Each Agent would be responsible for a specific role and collaborate through messages or shared state. A main Agent would handle the orchestration, while each sub-Agent would focus on its own responsibility.
For example:
- Requirement Understanding Agent: collects and understands the user’s requirement.
- Structuring Agent: converts the user requirement into JSON.
- Script Agent: generates the storyboard script.
- Video Generation Agent: calls the video model API with the images, requirement, and storyboard script to generate the video.
With this approach, each Agent has a clear responsibility and the process is traceable. However, it is critical to ensure that state is passed effectively between Agents.
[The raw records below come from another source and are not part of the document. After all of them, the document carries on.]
(* Let $P$ be a probability distribution of a random variable $\xi$, $\mathcal X\subseteq\mathbb R^d$, $\lambda>0$. Assume: (i) for every $\xi$, $x\mapsto \ell(x;\xi)$ is $G$-Lipschitz continuous and $L$-smooth on $\mathcal X$; (ii) $\psi:\mathbb R\to[0,+\infty]$ is convex, $\psi(1)=0$, $\psi(t)=+\infty$ for $t<0$, and $\psi^*(t)=\sup_s(st-\psi(s))$ is $M$-smooth. Let $\widehat{\mathcal L}(x,\eta)=\mathbb E_{\xi\sim P}\big[\lambda\psi^*\big(\frac{\ell(x;\xi)-G\eta}{\lambda}\big)+G\eta\big]$. Then for any $(x,\eta)$ and $(x',\eta')$, $$\|\nabla\widehat{\mathcal L}(x,\eta)-\nabla\widehat{\mathcal L}(x',\eta')\|\le\Big(K+\frac LG\|\nabla\widehat{\mathcal L}(x,\eta)\|\Big)\|(x-x',\eta-\eta')\|,$$ where $K=L+2G^2\lambda^{-1}M$.
   Context: Norms are Euclidean; gradients are with respect to $(x,\eta)\in\mathbb R^{d+1}$. *)

theory Defs
  imports "HOL-Analysis.Analysis" "HOL-Probability.Probability"
begin

definition convex_ereal_fun :: "(real \<Rightarrow> ereal) \<Rightarrow> bool" where
  "convex_ereal_fun f \<longleftrightarrow>
     (\<forall>s t a. 0 \<le> a \<and> a \<le> 1 \<longrightarrow>
        f (a * s + (1 - a) * t) \<le> ereal a * f s + ereal (1 - a) * f t)"

definition conj_fun :: "(real \<Rightarrow> ereal) \<Rightarrow> real \<Rightarrow> ereal" where
  "conj_fun \<psi> t = (SUP s. ereal (s * t) - \<psi> s)"

definition smooth_on :: "'a::real_inner set \<Rightarrow> ('a \<Rightarrow> real) \<Rightarrow> real \<Rightarrow> bool" where
  "smooth_on S f L \<longleftrightarrow>
     (\<exists>g. (\<forall>x\<in>S. GDERIV f x :> g x) \<and>
          (\<forall>x\<in>S. \<forall>y\<in>S. norm (g x - g y) \<le> L * norm (x - y)))"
The drawback is that if the product requirement and execution process are simple, this method becomes overly complex. It is more suitable for solving complex tasks. For a simple task like this, it is somewhat excessive.
At the same time, it consumes a large number of tokens and increases cost. So although this approach could theoretically work, it is not suitable for this product.
Final Thoughts
In the end, it is important to remember one thing: without real traffic, most architecture optimization is essentially over-engineering.
There is no perfect architecture. There is only the architecture that best fits the product.
If a simple workflow can solve the problem, there is no need to use a complicated approach. At the MVP stage, the simplest architecture can be used to get the product running. Later, when the product enters the development stage, the overall architecture can still be adjusted.
Different stages require different architectures. The goal is to ensure that the product can launch smoothly while also providing users with an efficient experience.